What lines below contain the word "definition"? Please pull each one out.
START Available records
(* Let $F:\mathbb{Z}\to\mathbb{C}$ be any function and $n\in\mathbb{Z}$. For $m=1,2,3,\dots$ define $$J_m(n,F):=\sum_{i\in\mathbb{Z}}F(i)F(i+n)F(i+2n)\cdots F\big(i+n(m-1)\big)\,:\psi_i\psi^\dagger_{i+nm}:.$$ Then $[J_m(n,F),J_{m'}(n,F)]=0$ for all $m,m'\ge1$.
   Context: Let $\psi_i,\psi^\dagger_i$ ($i\in\mathbb{Z}$) be charged free fermions, i.e. operators on the fermionic Fock space $\mathcal{F}$ satisfying $[\psi_i,\psi_j]_+=[\psi^\dagger_i,\psi^\dagger_j]_+=0$ and $[\psi_i,\psi^\dagger_j]_+=\delta_{ij}$. The space $\mathcal{F}$ is spanned by the vectors obtained from the vacuum $|0\rangle$ by applying finitely many $\psi_i,\psi^\dagger_i$; the vacuum satisfies $\psi^\dagger_i|0\rangle=0$ and $\psi_{-i-1}|0\rangle=0$ for $i\ge0$, and the dual vacuum satisfies $\langle0|\psi_i=0$, $\langle0|\psi^\dagger_{-i-1}=0$ for $i\ge0$, $\langle0|0\rangle=1$. Normal ordering: $:\psi_i\psi^\dagger_j:=\psi_i\psi^\dagger_j-\langle0|\psi_i\psi^\dagger_j|0\rangle$. The infinite sums act on each vector of $\mathcal F$ through finitely many nonzero terms. *)

theory Defs
  imports Complex_Main
begin

text \<open>Concrete fermionic Fock space (semi-infinite wedge / Maya diagram model).
A basis vector is labelled by a Maya diagram S (the set of occupied modes), which
differs from the vacuum diagram {..<0} in finitely many places. The operator
psi j occupies mode j, psid j empties mode j (both with the usual sign).\<close>

type_synonym fvec = "int set \<Rightarrow> complex"

definition maya :: "int set \<Rightarrow> bool" where
  "maya S \<longleftrightarrow> finite (S - {..<0}) \<and> finite ({..<0} - S)"

definition fock :: "fvec set" where
  "fock = {v. finite {S. v S \<noteq> 0} \<and> (\<forall>S. v S \<noteq> 0 \<longrightarrow> maya S)}"

definition fsign :: "int set \<Rightarrow> int \<Rightarrow> complex" where
  "fsign S j = (-1) ^ card {k \<in> S. j < k}"

text \<open>psi j |S> = fsign S j |S \<union> {j}> if j \<notin> S, else 0.\<close>
definition psi :: "int \<Rightarrow> fvec \<Rightarrow> fvec" where
  "psi j v = (\<lambda>T. if j \<in> T then fsign (T - {j}) j * v (T - {j}) else 0)"

text \<open>psid j |S> = fsign S j |S - {j}> if j \<in> S, else 0.\<close>
definition psid :: "int \<Rightarrow> fvec \<Rightarrow> fvec" where
  "psid j v = (\<lambda>T. if j \<notin> T then fsign T j * v (insert j T) else 0)"

definition vac :: fvec where
  "vac = (\<lambda>T. if T = {..<0} then 1 else 0)"

text \<open>Vacuum expectation value <0|X|0>: the dual vacuum extracts the vacuum coefficient.\<close>
definition vev :: "(fvec \<Rightarrow> fvec) \<Rightarrow> complex" where
  "vev X = X vac {..<0}"

definition nord :: "int \<Rightarrow> int \<Rightarrow> fvec \<Rightarrow> fvec" where
  "nord i j v = (\<lambda>T. psi i (psid j v) T - vev (\<lambda>w. psi i (psid j w)) * v T)"

text \<open>J_m(n,F) = sum_i F(i)F(i+n)...F(i+n(m-1)) :psi_i psid_{i+nm}:, the infinite sum
acting on a vector through its finitely many nonzero terms.\<close>
definition Jop :: "nat \<Rightarrow> int \<Rightarrow> (int \<Rightarrow> complex) \<Rightarrow> fvec \<Rightarrow> fvec" where
  "Jop m n F v = (\<lambda>T. \<Sum>i \<in> {i. nord i (i + n * int m) v \<noteq> (\<lambda>_. 0)}.
      (\<Prod>k<m. F (i + n * int k)) * nord i (i + n * int m) v T)"

end

theory Submission
  imports Defs
begin

text \<open>The normal ordered bilinears obey the commutation relations of \<open>gl(\<infinity>)\<close>:
\<open>[:\<psi>\<^sub>i\<psi>\<^sup>\<dagger>\<^sub>j:, :\<psi>\<^sub>k\<psi>\<^sup>\<dagger>\<^sub>l:] = \<delta>\<^sub>j\<^sub>k \<psi>\<^sub>i\<psi>\<^sup>\<dagger>\<^sub>l - \<delta>\<^sub>i\<^sub>l \<psi>\<^sub>k\<psi>\<^sup>\<dagger>\<^sub>j\<close>, the central
terms of the normal ordering cancelling. With \<open>a\<^sub>i\<close>, \<open>b\<^sub>i\<close> the products of \<open>m\<close>, \<open>m'\<close>
consecutive values of \<open>F\<close> along \<open>i, i+n, \<dots>\<close>, the commutator \<open>[J\<^sub>m, J\<^sub>m\<^sub>']\<close> is therefore
\<open>\<Sum>\<^sub>i (a\<^sub>i b\<^sub>i\<^sub>+\<^sub>n\<^sub>m - b\<^sub>i a\<^sub>i\<^sub>+\<^sub>n\<^sub>m\<^sub>') \<psi>\<^sub>i\<psi>\<^sup>\<dagger>\<^sub>i\<^sub>+\<^sub>n\<^sub>(\<^sub>m\<^sub>+\<^sub>m\<^sub>'\<^sub>)\<close>, and both coefficient
products are the product of \<open>m + m'\<close> consecutive values. The reindexing of the sums is
legitimate because, for \<open>n \<noteq> 0\<close>, \<open>\<psi>\<^sub>i\<psi>\<^sup>\<dagger>\<^sub>i\<^sub>+\<^sub>n\<^sub>(\<^sub>m\<^sub>+\<^sub>m\<^sub>'\<^sub>)\<close> kills a given vector for all
but finitely many \<open>i\<close>; for \<open>n = 0\<close> no shift occurs.\<close>

definition maya_supported :: "fvec \<Rightarrow> bool" where
  "maya_supported v \<longleftrightarrow> (\<forall>S. v S \<noteq> 0 \<longrightarrow> maya S)"

lemma fock_iff: "v \<in> fock \<longleftrightarrow> finite {S. v S \<noteq> 0} \<and> maya_supported v"
  by (auto simp: fock_def maya_supported_def)

lemma maya_insert_iff [simp]: "maya (insert i S) \<longleftrightarrow> maya S"
proof -
  have "insert i S - {..<0} \<subseteq> insert i (S - {..<0})" "S - {..<0} \<subseteq> insert i S - {..<0}"
    "{..<0} - insert i S \<subseteq> {..<0} - S" "{..<0} - S \<subseteq> insert i ({..<0} - insert i S)"
    by auto
  then show ?thesis
    unfolding maya_def by (meson finite_insert finite_subset)
qed

lemma maya_Diff_singleton_iff [simp]: "maya (S - {i}) \<longleftrightarrow> maya S"
  by (metis insert_Diff_single maya_insert_iff)

lemma finite_maya_above: "maya S \<Longrightarrow> finite {k \<in> S. j < k}"
  by (rule finite_subset[of _ "(S - {..<0}) \<union> {j<..<0}"]) (auto simp: maya_def)

lemma fsign_square: "fsign S i * fsign S i = 1"
  by (simp add: fsign_def flip: power_add)

lemma fsign_insert_self [simp]: "fsign (insert i S) i = fsign S i"
  unfolding fsign_def by (metis (lifting) insert_iff less_irrefl)

lemma fsign_Diff_self [simp]: "fsign (S - {i}) i = fsign S i"
  by (metis fsign_insert_self insert_Diff_single)

lemma fsign_insert:
  assumes "maya S" "j \<notin> S"
  shows "fsign (insert j S) i = (if i < j then -1 else 1) * fsign S i"
proof -
  have "{k \<in> insert j S. i < k} = (if i < j then insert j {k \<in> S. i < k} else {k \<in> S. i < k})"
    by auto
  then show ?thesis
    using assms finite_maya_above[of S i] by (simp add: fsign_def)
qed

lemma fsign_Diff:
  assumes "maya S" "j \<in> S"
  shows "fsign (S - {j}) i = (if i < j then -1 else 1) * fsign S i"
  using fsign_insert[of "S - {j}" j i] assms by (simp add: insert_absorb)

lemma maya_supported_psi: "maya_supported v \<Longrightarrow> maya_supported (psi i v)"
  unfolding maya_supported_def psi_def by (metis maya_Diff_singleton_iff mult_zero_right)

lemma maya_supported_psid: "maya_supported v \<Longrightarrow> maya_supported (psid i v)"
  unfolding maya_supported_def psid_def by (metis maya_insert_iff mult_zero_right)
END Available records
Exercise result.
definition maya :: "int set \<Rightarrow> bool" where
definition fock :: "fvec set" where
definition fsign :: "int set \<Rightarrow> int \<Rightarrow> complex" where
definition psi :: "int \<Rightarrow> fvec \<Rightarrow> fvec" where
definition psid :: "int \<Rightarrow> fvec \<Rightarrow> fvec" where
definition vac :: fvec where
definition vev :: "(fvec \<Rightarrow> fvec) \<Rightarrow> complex" where
definition nord :: "int \<Rightarrow> int \<Rightarrow> fvec \<Rightarrow> fvec" where
definition Jop :: "nat \<Rightarrow> int \<Rightarrow> (int \<Rightarrow> complex) \<Rightarrow> fvec \<Rightarrow> fvec" where
definition maya_supported :: "fvec \<Rightarrow> bool" where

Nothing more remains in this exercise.